PROBLEM TO SOLVE
A single number is the whole answer: the count of lines in these entries that hold "real".

Dataset entries
lemma symgroup2_family_O2_if_symgroup4_dihedral:
  assumes H: "H \<in> H4" and G: "symgroup4 H = Dn 4 \<or> symgroup4 H = Dn 3 \<or> symgroup4 H = O2"
    and A: "d2 H \<in> A" "A \<subseteq> Cov2 H"
  shows "symgroup2_family A = O2"
proof -
  obtain n where n: "n = 3 \<or> n = 4"
    and rot: "rotz (2 * pi / real n) \<in> symgroup4 H" and flip: "rotx pi \<in> symgroup4 H"
    using G rotz_Dn rotx_pi_Dn rotz_O2 rotx_pi_O2 by metis
  have sub: "symgroup4 H \<subseteq> O2"
    using G Dn_subset_O2 by auto
  have axi: "z_axisymmetric K" if "K \<in> Cov2 H" for K
  proof (rule z_axisymmetric_if_rotz_fixed)
    show "act2 (rotz (2 * pi / real n)) K = K"
      using rot symgroup4_subset_symgroup2_family_Cov2[OF H] that
      by (auto simp: symgroup2_family_def)
  qed (use n Cov2_Sym2[OF H that] in auto)
  have "d2 H 1 1 \<noteq> d2 H 3 3"
    using symgroup4_not_subset_O2_if_d2_isotropic[OF H _ _ n] rot flip sub
    by (auto simp: symgroup4_def)
  show ?thesis
  proof
    show "symgroup2_family A \<subseteq> O2"
      using O2_if_act2_fixes_z_axisymmetric[OF axi[OF d2_Cov2] \<open>d2 H 1 1 \<noteq> d2 H 3 3\<close>] A(1)
      by (auto simp: symgroup2_family_def)
    show "O2 \<subseteq> symgroup2_family A"
      using act2_O2_z_axisymmetric axi A(2) O2_subset_SO3 by (auto simp: symgroup2_family_def)
  qed
qed

lemma symgroup2_family_Cov2_act4:
  "g \<in> SO3 \<Longrightarrow> H \<in> H4
    \<Longrightarrow> symgroup2_family (Cov2 (act4 g H)) = conjugate g ` symgroup2_family (Cov2 H)"
  by (simp add: Cov2_act4 symgroup2_family_image)

lemma symgroup2_family_d2_c3_act4:
  "g \<in> SO3 \<Longrightarrow> symgroup2_family {d2 (act4 g H), c3 (act4 g H)}
    = conjugate g ` symgroup2_family {d2 H, c3 H}"
  by (simp add: d2_act4 c3_act4 SO3_orthogonal flip: symgroup2_family_image)

lemma symmetry_classes_if_in_class_Cov2_O2:
  assumes H: "H \<in> H4" and "in_class (symgroup2_family (Cov2 H)) O2"
  shows "in_class_D4_D3_O2 (symgroup4 H)"
proof -
  obtain g where g: "g \<in> SO3" "symgroup2_family (Cov2 (act4 g H)) = O2"
    using assms in_class_iff_act4_eq[OF symgroup2_family_Cov2_act4[OF _ H]] by blast
  then show ?thesis
    using symmetry_classes_if_Cov2_O2[OF act4_H4[OF SO3_orthogonal H]] in_class_symgroup4_act4
    by metis
qed

lemma symmetry_classes_if_in_class_d2_c3_O2:
  assumes H: "H \<in> H4" and "in_class (symgroup2_family {d2 H, c3 H}) O2"
  shows "in_class_D4_D3_O2 (symgroup4 H)"
proof -
  obtain g where g: "g \<in> SO3" "symgroup2_family {d2 (act4 g H), c3 (act4 g H)} = O2"
    using assms in_class_iff_act4_eq[OF symgroup2_family_d2_c3_act4] by blast
  then show ?thesis
    using symmetry_classes_if_d2_c3_O2[OF act4_H4[OF SO3_orthogonal H]] in_class_symgroup4_act4
    by metis
qed

lemma in_class_covariants_O2_if_symmetry_classes:
  assumes H: "H \<in> H4" and "in_class_D4_D3_O2 (symgroup4 H)"
  shows "in_class (symgroup2_family (Cov2 H)) O2 \<and> in_class (symgroup2_family {d2 H, c3 H}) O2"
proof -
  obtain g where g: "g \<in> SO3" and dihedral:
    "symgroup4 (act4 g H) = Dn 4 \<or> symgroup4 (act4 g H) = Dn 3 \<or> symgroup4 (act4 g H) = O2"
    using assms in_class_iff_act4_eq[OF symgroup4_act4] by metis
  have gH: "act4 g H \<in> H4"
    using act4_H4[OF SO3_orthogonal[OF g] H] .
  have "symgroup2_family (Cov2 (act4 g H)) = O2"
    by (rule symgroup2_family_O2_if_symgroup4_dihedral[OF gH dihedral d2_Cov2 order_refl])
  moreover have "symgroup2_family {d2 (act4 g H), c3 (act4 g H)} = O2"
    by (rule symgroup2_family_O2_if_symgroup4_dihedral[OF gH dihedral])
       (simp_all add: d2_Cov2 c3_Cov2)
  ultimately show ?thesis
    using g in_class_iff_act4_eq[OF symgroup2_family_Cov2_act4[OF _ H]]
      in_class_iff_act4_eq[OF symgroup2_family_d2_c3_act4]
    by blast
qed

theorem theorem9p5:
  fixes H :: tensor4
  assumes "H \<in> H4"
  shows "(in_class (symgroup2_family (Cov2 H)) O2
          \<longleftrightarrow> (in_class (symgroup4 H) (Dn 4) \<or> in_class (symgroup4 H) (Dn 3)
               \<or> in_class (symgroup4 H) O2))
       \<and> (in_class (symgroup4 H) (Dn 4) \<or> in_class (symgroup4 H) (Dn 3)
               \<or> in_class (symgroup4 H) O2
          \<longleftrightarrow> in_class (symgroup2_family {d2 H, c3 H}) O2)"
  using symmetry_classes_if_in_class_Cov2_O2[OF assms]
    symmetry_classes_if_in_class_d2_c3_O2[OF assms]
    in_class_covariants_O2_if_symmetry_classes[OF assms]
  by blast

EXERCISE RESULT
2